Wednesday, January 21, 2009

Feast without Yeast

I started Noah on a yeast-free diet shortly after Christmas. The psychiatrist who wrote the book, Feast without Yeast, has an office right here in Wisconsin as well as in California. Brian and I like to try all means possible to help Noah, and we both agreed that this diet would be worth a try. After all, we do see improvement with the gluten-free diet.

Feast without Yeast defines a four-stage process for eliminating yeast from your system. The first stage eliminates certain foods from your diet, the second stage indicates more foods to eliminate, and so on and so forth. Noah also took Nystatin during this time. Nystatin is a medication that rids your body of excess yeast.

About three weeks into the new diet regimen, we noticed that Noah was often "spacing out"; He would just stare for long periods of time at nothing. I also noticed that he was mumbling more, and his language was regressing.

Perhaps this diet works for some children on the spectrum, but I have decided that it is not in the best interest of my child. Noah is now OFF the yeast-free diet, and I have discontinued the Nystatin. I do not regret trying the diet. If I did not try it, I would always wonder if it would have helped. I know now that it does not work for Noah.

Well, I am off to do more research on the next thing we may try, whatever it is.....

Sunday, January 11, 2009

SANTA!!!


Christmas still has that magical feeling in our house. The children continue to believe in Santa, and anxiously await his arrival on Christmas morning. This year, Noah sat on Santa's lap and asked for a movie (no surprise!). He did get the movie he asked for, but also a new bike.

Noah had finally learned after 2 years of lessons from therapists, Brian, and myself to ride a two-wheel bike this past summer.

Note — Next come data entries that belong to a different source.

lemma squared_residual_update_descent:
  fixes S :: "'v \<Rightarrow> ('i \<Rightarrow> real) set" and w :: "'i \<Rightarrow> real"
  assumes fin: "finite V" and v: "v \<in> V"
    and c: "\<forall>u\<in>V. c u \<in> S u" and below: "\<forall>t\<in>\<Theta>. (\<Sum>u\<in>V. c u t) \<le> y t"
    and move: "\<forall>\<^sub>F e in at_right 0. (\<lambda>t. c v t + e * w t) \<in> S v"
    and w: "\<forall>t. t \<noteq> t0 \<longrightarrow> w t \<le> 0" "w t0 \<le> 1" and t0: "(\<Sum>u\<in>V. c u t0) < y t0"
    and descent: "0 < (\<Sum>t\<in>\<Theta>. (y t - (\<Sum>u\<in>V. c u t)) * w t)"
  obtains c' where "\<forall>u\<in>V. c' u \<in> S u" "\<forall>u. u \<notin> V \<longrightarrow> c' u = c u"
    "\<forall>t\<in>\<Theta>. (\<Sum>u\<in>V. c' u t) \<le> y t" "squared_residual V \<Theta> y c' < squared_residual V \<Theta> y c"
proof -
  define d where "d t = y t - (\<Sum>u\<in>V. c u t)" for t
  have "\<forall>\<^sub>F e in at_right 0. (\<Sum>t\<in>\<Theta>. (d t - e * w t)\<^sup>2) < (\<Sum>t\<in>\<Theta>. (d t)\<^sup>2)"
    using descent unfolding d_def by (rule eventually_sum_square_decrease)
  moreover have "\<forall>\<^sub>F e in at_right 0. 0 < e \<and> e < d t0"
    using t0 eventually_at_right_0_mult_less[of "d t0" 1]
    by (intro eventually_conj eventually_at_right_less) (simp_all add: d_def)
  ultimately have "\<forall>\<^sub>F e in at_right 0. (\<Sum>t\<in>\<Theta>. (d t - e * w t)\<^sup>2) < (\<Sum>t\<in>\<Theta>. (d t)\<^sup>2) \<and>
      (\<lambda>t. c v t + e * w t) \<in> S v \<and> 0 < e \<and> e < d t0"
    using move by eventually_elim blast
  then obtain e where e: "(\<Sum>t\<in>\<Theta>. (d t - e * w t)\<^sup>2) < (\<Sum>t\<in>\<Theta>. (d t)\<^sup>2)"
    "(\<lambda>t. c v t + e * w t) \<in> S v" "0 < e" "e < d t0"
    using eventually_happens'[OF trivial_limit_at_right_real] by blast
  define c' where "c' = c(v := (\<lambda>t. c v t + e * w t))"
  have sum_c': "(\<Sum>u\<in>V. c' u t) = (\<Sum>u\<in>V. c u t) + e * w t" for t
    using fin v by (simp add: c'_def sum.remove)
  show ?thesis
  proof (rule that[of c'])
    show "\<forall>u\<in>V. c' u \<in> S u" "\<forall>u. u \<notin> V \<longrightarrow> c' u = c u"
      using c e(2) v by (auto simp: c'_def)
    have "e * w t \<le> d t" if "t \<in> \<Theta>" for t
    proof (cases "t = t0")
      case True
      with w(2) e(3) have "e * w t \<le> e" by (simp add: mult_left_le)
      with e(4) True show ?thesis by simp
    next
      case False
      with w(1) e(3) have "e * w t \<le> 0" by (simp add: mult_nonneg_nonpos)
      moreover have "(\<Sum>u\<in>V. c u t) \<le> y t" using below that by blast
      ultimately show ?thesis by (simp add: d_def)
    qed
    then show "\<forall>t\<in>\<Theta>. (\<Sum>u\<in>V. c' u t) \<le> y t"
      by (simp add: sum_c' d_def algebra_simps)
    have "squared_residual V \<Theta> y c' = (\<Sum>t\<in>\<Theta>. (d t - e * w t)\<^sup>2)"
      by (simp add: squared_residual_def sum_c' d_def algebra_simps)
    moreover have "squared_residual V \<Theta> y c = (\<Sum>t\<in>\<Theta>. (d t)\<^sup>2)"
      by (simp add: squared_residual_def d_def)
    ultimately show "squared_residual V \<Theta> y c' < squared_residual V \<Theta> y c"
      using e(1) by simp
  qed
qed

lemma squared_residual_descent:
  fixes S :: "'v \<Rightarrow> ('i \<Rightarrow> real) set"
  assumes fin: "finite V" "finite \<Theta>"
    and exch: "\<forall>v\<in>V. exchange_property (S v)"
    and c: "\<forall>v\<in>V. c v \<in> S v" and b: "\<forall>v\<in>V. b v \<in> S v"
    and below: "\<forall>t\<in>\<Theta>. (\<Sum>v\<in>V. c v t) \<le> y t" and above: "\<forall>t\<in>\<Theta>. y t \<le> (\<Sum>v\<in>V. b v t)"
    and gap: "\<exists>t\<in>\<Theta>. (\<Sum>v\<in>V. c v t) \<noteq> y t"
  obtains c' where "\<forall>v\<in>V. c' v \<in> S v" "\<forall>v. v \<notin> V \<longrightarrow> c' v = c v"
    "\<forall>t\<in>\<Theta>. (\<Sum>v\<in>V. c' v t) \<le> y t" "squared_residual V \<Theta> y c' < squared_residual V \<Theta> y c"
proof -
  define d where "d t = y t - (\<Sum>v\<in>V. c v t)" for t
  define M where "M = Max (d ` \<Theta>)"
  define R where "R = {t\<in>\<Theta>. d t = M}"
  have d_nonneg: "0 \<le> d t" if "t \<in> \<Theta>" for t
    using below that by (simp add: d_def)
  have d_le_M: "d t \<le> M" if "t \<in> \<Theta>" for t
    using fin(2) that by (simp add: M_def)
  have "0 < M"
    using gap d_nonneg d_le_M by (force simp: d_def)
  have "\<Theta> \<noteq> {}" using gap by blast
  then have "M \<in> d ` \<Theta>"
    using fin(2) by (simp add: M_def)
  then have "finite R" "R \<noteq> {}"
    using fin(2) by (auto simp: R_def)
  moreover have "\<forall>t\<in>R. 0 < (\<Sum>v\<in>V. b v t - c v t)"
    using above \<open>0 < M\<close> by (force simp: R_def d_def sum_subtractf)
  ultimately obtain v where v: "v \<in> V" "0 < (\<Sum>t\<in>R. b v t - c v t)"
    using pos_column_sums_imp_pos_row_sum[where f = "\<lambda>v t. b v t - c v t"] by blast
  then obtain t0 t1 s where t0: "t0 \<in> R" and s: "s = 0 \<or> s = 1 \<and> t1 \<notin> R"
    and move: "\<forall>\<^sub>F e in at_right 0. (\<lambda>t. c v t + e * (indicator {t0} t - s * indicator {t1} t)) \<in> S v"
    using exch b c \<open>finite R\<close> unfolding exchange_property_def by blast
  define w where "w t = indicator {t0} t - s * indicator {t1} t" for t
  have "(\<Sum>t\<in>\<Theta>. d t * w t) = (\<Sum>t\<in>\<Theta>. d t * indicator {t0} t) - s * (\<Sum>t\<in>\<Theta>. d t * indicator {t1} t)"
    by (simp add: w_def right_diff_distrib sum_subtractf sum_distrib_left mult.left_commute)
  also have "\<dots> = M - s * d t1 * indicator \<Theta> t1"
    using t0 fin(2) by (simp only: sum_mult_indicator_singleton) (simp add: R_def)
  moreover have "s * d t1 * indicator \<Theta> t1 < M"
    using s \<open>0 < M\<close> d_le_M by (fastforce simp: R_def indicator_def)
  ultimately have descent: "0 < (\<Sum>t\<in>\<Theta>. (y t - (\<Sum>u\<in>V. c u t)) * w t)"
    by (simp add: d_def)
  have w: "\<forall>t. t \<noteq> t0 \<longrightarrow> w t \<le> 0" "w t0 \<le> 1"
    using s by (auto simp: w_def indicator_def)
  have gap_t0: "(\<Sum>u\<in>V. c u t0) < y t0"
    using t0 \<open>0 < M\<close> by (simp add: R_def d_def)
  have move_w: "\<forall>\<^sub>F e in at_right 0. (\<lambda>t. c v t + e * w t) \<in> S v"
    using move by (simp add: w_def)
  obtain c' where "\<forall>u\<in>V. c' u \<in> S u" "\<forall>u. u \<notin> V \<longrightarrow> c' u = c u"
    "\<forall>t\<in>\<Theta>. (\<Sum>u\<in>V. c' u t) \<le> y t" "squared_residual V \<Theta> y c' < squared_residual V \<Theta> y c"
    by (rule squared_residual_update_descent[OF fin(1) v(1) c below move_w w gap_t0 descent])
  then show ?thesis by (rule that)
qed

lemma exists_decomposition_between_sums:
  fixes S :: "'v \<Rightarrow> ('i \<Rightarrow> real) set"
  assumes fin: "finite V" "finite \<Theta>"
    and S: "\<forall>v\<in>V. compact (S v) \<and> exchange_property (S v)"
    and a: "\<forall>v\<in>V. a v \<in> S v" and b: "\<forall>v\<in>V. b v \<in> S v"
    and between: "\<forall>t\<in>\<Theta>. (\<Sum>v\<in>V. a v t) \<le> y t \<and> y t \<le> (\<Sum>v\<in>V. b v t)"
  shows "\<exists>c. (\<forall>v\<in>V. c v \<in> S v) \<and> (\<forall>t\<in>\<Theta>. (\<Sum>v\<in>V. c v t) = y t)"
proof -
  define F where "F = Pi\<^sub>E UNIV (\<lambda>v. if v \<in> V then S v else {\<lambda>_. 0}) \<inter>
      {c. \<forall>t\<in>\<Theta>. (\<Sum>v\<in>V. c v t) \<le> y t}"
  have "compact (Pi\<^sub>E UNIV (\<lambda>v. if v \<in> V then S v else {\<lambda>_. 0}))"
    using compactin_PiE[of "\<lambda>_. euclidean" UNIV "\<lambda>v. if v \<in> V then S v else {\<lambda>_. 0}"] S
    by (simp add: euclidean_product_topology)
  moreover have "closed {c. \<forall>t\<in>\<Theta>. (\<Sum>v\<in>V. c v t) \<le> y t}"
    unfolding Collect_ball_eq
    by (intro closed_INT ballI closed_Collect_le continuous_intros continuous_on_coordinate2)
  ultimately have "compact F"
    by (simp add: F_def compact_Int_closed)
  have "(\<lambda>v. if v \<in> V then a v else (\<lambda>_. 0)) \<in> F"
    using a between by (auto simp: F_def PiE_iff)
  then have "F \<noteq> {}" by blast
  moreover have "continuous_on F (squared_residual V \<Theta> y)"
    unfolding squared_residual_def
    by (intro continuous_intros continuous_on_coordinate2)
  ultimately obtain c where "c \<in> F"
    and c_min: "\<forall>c'\<in>F. squared_residual V \<Theta> y c \<le> squared_residual V \<Theta> y c'"
    using continuous_attains_inf[OF \<open>compact F\<close>] by blast
  then have c: "\<forall>v\<in>V. c v \<in> S v" "\<forall>v. v \<notin> V \<longrightarrow> c v = (\<lambda>_. 0)"
    "\<forall>t\<in>\<Theta>. (\<Sum>v\<in>V. c v t) \<le> y t"
    by (auto simp: F_def split: if_splits)
  have "\<forall>t\<in>\<Theta>. (\<Sum>v\<in>V. c v t) = y t"
  proof (rule ccontr)
    assume "\<not> ?thesis"
    then obtain c' where "\<forall>v\<in>V. c' v \<in> S v" "\<forall>v. v \<notin> V \<longrightarrow> c' v = c v"
      "\<forall>t\<in>\<Theta>. (\<Sum>v\<in>V. c' v t) \<le> y t" "squared_residual V \<Theta> y c' < squared_residual V \<Theta> y c"
      using squared_residual_descent[OF fin _ c(1) b c(3)] S between by blast
    then have "c' \<in> F" "squared_residual V \<Theta> y c' < squared_residual V \<Theta> y c"
      using c(2) by (auto simp: F_def)
    with c_min show False by fastforce
  qed
  with c(1) show ?thesis by blast
qed
(* Let $A,N\in\mathbb{R}^{m\times n}$ and let $\hat A=A+N$. Then for every positive integer $k$, $$\|A-\hat A_k\|_2\le\|A-A_k\|_2+2\|N_k\|_2,$$ $$\|A-\hat A_k\|_F\le\|A-A_k\|_F+\|N_k\|_F+2\sqrt{\|N_k\|_F\,\|A_k\|_F}.$$
   Context: For a matrix $M$, $M_k$ denotes its best rank-$k$ approximation (the truncated SVD keeping the top $k$ singular triplets). $\|\cdot\|_2$ is the spectral norm and $\|\cdot\|_F$ the Frobenius norm. *)

theory Defs
  imports "HOL-Analysis.Analysis"
begin

text \<open>Real m x n matrices are modelled as real^'n^'m (m rows, n columns).\<close>

definition outer_prod :: "real^'m \<Rightarrow> real^'n \<Rightarrow> real^'n^'m" where
  "outer_prod u v = (\<chi> i j. u $ i * v $ j)"

definition spec_norm :: "real^'n^'m \<Rightarrow> real" where
  "spec_norm M = onorm (\<lambda>x. M *v x)"

definition frob_norm :: "real^'n^'m \<Rightarrow> real" where
  "frob_norm M = sqrt (\<Sum>i\<in>UNIV. \<Sum>j\<in>UNIV. (M $ i $ j)^2)"

definition svd_expansion ::
  "real^'n^'m \<Rightarrow> nat \<Rightarrow> (nat \<Rightarrow> real) \<Rightarrow> (nat \<Rightarrow> real^'m) \<Rightarrow> (nat \<Rightarrow> real^'n) \<Rightarrow> bool" where
  "svd_expansion M r \<sigma> u v \<longleftrightarrow>
     (\<forall>i<r. 0 < \<sigma> i) \<and>
     (\<forall>i j. i \<le> j \<and> j < r \<longrightarrow> \<sigma> j \<le> \<sigma> i) \<and>
     (\<forall>i<r. \<forall>j<r. u i \<bullet> u j = (if i = j then 1 else 0)) \<and>
     (\<forall>i<r. \<forall>j<r. v i \<bullet> v j = (if i = j then 1 else 0)) \<and>
     M = (\<Sum>i<r. \<sigma> i *\<^sub>R outer_prod (u i) (v i))"

definition best_rank_approx :: "nat \<Rightarrow> real^'n^'m \<Rightarrow> real^'n^'m \<Rightarrow> bool" where
  "best_rank_approx k M B \<longleftrightarrow>
     (\<exists>r \<sigma> u v. svd_expansion M r \<sigma> u v \<and>
        B = (\<Sum>i<min k r. \<sigma> i *\<^sub>R outer_prod (u i) (v i)))"

end

theory Submission imports Defs begin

His knees, however, were practically touching his chin as he would ride it. We weren't sure how he would react to a new bike because he often likes everything to stay as is.....no changes. A new bike means a big change. Bigger petals, bigger seat, bigger wheels, and most importantly, further from the ground! Noah was actually really excited about the bike. We look forward to this Spring when we can get outside and try it out.

So many changes. He is getting so big. He is making progress. I look forward to the new year, with hope that we continue to embrace the changes.